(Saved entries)
»»
(* For every formula $q\in F(V)$: $\vDash_{\mathbb{SQW^*}}q$ if and only if $\vdash_{\mathrm{sq}\L^*}q$.
   Context: Let $V$ be a set of propositional variables and $F(V)$ the set of formulas built from $V$ and the constant $1$ using $\to$ and $\neg$. Abbreviations: $p^+:=(p\to 1)\to 1$, $p^-:=(p\to\neg 1)\to\neg 1$ (binding more tightly than $\neg$), $p\vee q:=((p^+\to q^+)^+\to(\neg p)^-)\to((q^-\to p^-)^-\to p^-)$; an axiom "$p\leftrightarrow q$" stands for the two axioms $p\to q$ and $q\to p$. The logic $\mathrm{sq}\L^*$ has axiom schemas (for all $p,q,r\in F(V)$): (Q1) $(p\to q)\leftrightarrow(\neg q\to\neg p)$; (Q2) $1\leftrightarrow((1\to p)\to 1)$; (Q3) $p\leftrightarrow((q\to q)\to p)$; (Q4) $(p\to q)\leftrightarrow((q^+\to p^-)\to(p^+\to q^-))$; (Q5) $\neg(p\to q)\leftrightarrow(q\to p)$; (Q6) $(p\to(\neg p\to q))^+\leftrightarrow(p^+\to(\neg p^+\to q^+))$; (Q7) $(p\to(q\vee r))\leftrightarrow((p\to r)\vee(p\to q))$; (Q8) $(p\vee(q\vee r))\leftrightarrow((p\vee q)\vee r)$; (Q9) $((p\to 1)\to((q\to 1)\to r))\to((q\to 1)\to((p\to 1)\to r))$; (Q10) $p\to 1$; and rules: (qMP) from $(r\to r)\to p$ and $(r\to r)\to(p\to q)$ infer $(r\to r)\to q$; (Reg) from $p$ infer $(r\to r)\to p$; (AReg1) from $(r\to r)\to(p\to q)$ infer $p\to q$; (AReg2) from $(r\to r)\to\neg(p\to q)$ infer $\neg(p\to q)$; (AReg3) from $(r\to r)\to\neg 1$ infer $\neg 1$; (AReg4) from $(r\to r)\to 1$ infer $1$; (Inv1) from $p$ infer $\neg\neg p$; (Inv2) from $\neg\neg p$ infer $p$; (Flat) from $p$ and $\neg 1$ infer $\neg p$; (R2$'$) from $p\to q$ and $r\to t$ infer $(q\to r)\to(p\to t)$; (R3$'$) from $(r\to r)\to p$ infer $p^-$. $\vdash_{\mathrm{sq}\L^*}q$ means there is a finite sequence ending with $q$ whose members are axiom instances or follow from earlier members by rules. Semantics: a quasi-Wajsberg* algebra is an algebra $\langle W;\to,\neg,{}^+,{}^-,1\rangle$ of type $\langle 2,1,1,1,0\rangle$ such that for all $x,y,z$: $x\to y=\neg y\to\neg x$; $(x\to 1)\to((y\to 1)\to z)=(y\to 1)\to((x\to 1)\to z)$; $(1\to x)\to 1=1$; $(z\to z)\to(x\to y)=x\to y$; $(1\to 1)\to x^{+}=((1\to 1)\to x)^{+}=(x\to 1)\to 1$ and $(1\to 1)\to x^{-}=((1\to 1)\to x)^{-}=(x\to\neg 1)\to\neg 1$; $x\to y=(y^{+}\to x^{-})\to(x^{+}\to y^{-})$; $\neg(x\to y)=y\to x$; $\neg\neg x=x$; $(x\to(\neg x\to y))^{+}=x^{+}\to(\neg x^{+}\to y^{+})$; $x\vee y=y\vee x$; $x\vee(y\vee z)=(x\vee y)\vee z$; $x\to(y\vee z)=(x\to y)\vee(x\to z)$, with $x\vee y:=((x^{+}\to y^{+})^{+}\to(\neg x)^{-})\to((y^{-}\to x^{-})^{-}\to x^{-})$. A strong quasi-Wajsberg* algebra additionally satisfies $x^+=(1\to 1)\to x^+$ and $x^-=(1\to 1)\to x^-$; $\mathbb{SQW^*}$ is the class of these. An element $d$ of such an algebra $\mathbf{A}$ is designated if $d=(c\to 1)\to 1$ for some $c\in A$. $\vDash_{\mathbb{SQW^*}}q$ means: for every $\mathbf{A}\in\mathbb{SQW^*}$ and every assignment of the variables in $A$, the value of $q$ (computing $\to,\neg,1$ in $\mathbf{A}$) is designated. *)

theory Defs
  imports Main
begin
««
**ACTION ITEM:** Copy the data exactly. Leave nothing out.

**ANSWER FOR THE TASK:**
(* For every formula $q\in F(V)$: $\vDash_{\mathbb{SQW^*}}q$ if and only if $\vdash_{\mathrm{sq}\L^*}q$.
   Context: Let $V$ be a set of propositional variables and $F(V)$ the set of formulas built from $V$ and the constant $1$ using $\to$ and $\neg$. Abbreviations: $p^+:=(p\to 1)\to 1$, $p^-:=(p\to\neg 1)\to\neg 1$ (binding more tightly than $\neg$), $p\vee q:=((p^+\to q^+)^+\to(\neg p)^-)\to((q^-\to p^-)^-\to p^-)$; an axiom "$p\leftrightarrow q$" stands for the two axioms $p\to q$ and $q\to p$. The logic $\mathrm{sq}\L^*$ has axiom schemas (for all $p,q,r\in F(V)$): (Q1) $(p\to q)\leftrightarrow(\neg q\to\neg p)$; (Q2) $1\leftrightarrow((1\to p)\to 1)$; (Q3) $p\leftrightarrow((q\to q)\to p)$; (Q4) $(p\to q)\leftrightarrow((q^+\to p^-)\to(p^+\to q^-))$; (Q5) $\neg(p\to q)\leftrightarrow(q\to p)$; (Q6) $(p\to(\neg p\to q))^+\leftrightarrow(p^+\to(\neg p^+\to q^+))$; (Q7) $(p\to(q\vee r))\leftrightarrow((p\to r)\vee(p\to q))$; (Q8) $(p\vee(q\vee r))\leftrightarrow((p\vee q)\vee r)$; (Q9) $((p\to 1)\to((q\to 1)\to r))\to((q\to 1)\to((p\to 1)\to r))$; (Q10) $p\to 1$; and rules: (qMP) from $(r\to r)\to p$ and $(r\to r)\to(p\to q)$ infer $(r\to r)\to q$; (Reg) from $p$ infer $(r\to r)\to p$; (AReg1) from $(r\to r)\to(p\to q)$ infer $p\to q$; (AReg2) from $(r\to r)\to\neg(p\to q)$ infer $\neg(p\to q)$; (AReg3) from $(r\to r)\to\neg 1$ infer $\neg 1$; (AReg4) from $(r\to r)\to 1$ infer $1$; (Inv1) from $p$ infer $\neg\neg p$; (Inv2) from $\neg\neg p$ infer $p$; (Flat) from $p$ and $\neg 1$ infer $\neg p$; (R2$'$) from $p\to q$ and $r\to t$ infer $(q\to r)\to(p\to t)$; (R3$'$) from $(r\to r)\to p$ infer $p^-$. $\vdash_{\mathrm{sq}\L^*}q$ means there is a finite sequence ending with $q$ whose members are axiom instances or follow from earlier members by rules. Semantics: a quasi-Wajsberg* algebra is an algebra $\langle W;\to,\neg,{}^+,{}^-,1\rangle$ of type $\langle 2,1,1,1,0\rangle$ such that for all $x,y,z$: $x\to y=\neg y\to\neg x$; $(x\to 1)\to((y\to 1)\to z)=(y\to 1)\to((x\to 1)\to z)$; $(1\to x)\to 1=1$; $(z\to z)\to(x\to y)=x\to y$; $(1\to 1)\to x^{+}=((1\to 1)\to x)^{+}=(x\to 1)\to 1$ and $(1\to 1)\to x^{-}=((1\to 1)\to x)^{-}=(x\to\neg 1)\to\neg 1$; $x\to y=(y^{+}\to x^{-})\to(x^{+}\to y^{-})$; $\neg(x\to y)=y\to x$; $\neg\neg x=x$; $(x\to(\neg x\to y))^{+}=x^{+}\to(\neg x^{+}\to y^{+})$; $x\vee y=y\vee x$; $x\vee(y\vee z)=(x\vee y)\vee z$; $x\to(y\vee z)=(x\to y)\vee(x\to z)$, with $x\vee y:=((x^{+}\to y^{+})^{+}\to(\neg x)^{-})\to((y^{-}\to x^{-})^{-}\to x^{-})$. A strong quasi-Wajsberg* algebra additionally satisfies $x^+=(1\to 1)\to x^+$ and $x^-=(1\to 1)\to x^-$; $\mathbb{SQW^*}$ is the class of these. An element $d$ of such an algebra $\mathbf{A}$ is designated if $d=(c\to 1)\to 1$ for some $c\in A$. $\vDash_{\mathbb{SQW^*}}q$ means: for every $\mathbf{A}\in\mathbb{SQW^*}$ and every assignment of the variables in $A$, the value of $q$ (computing $\to,\neg,1$ in $\mathbf{A}$) is designated. *)

theory Defs
  imports Main
begin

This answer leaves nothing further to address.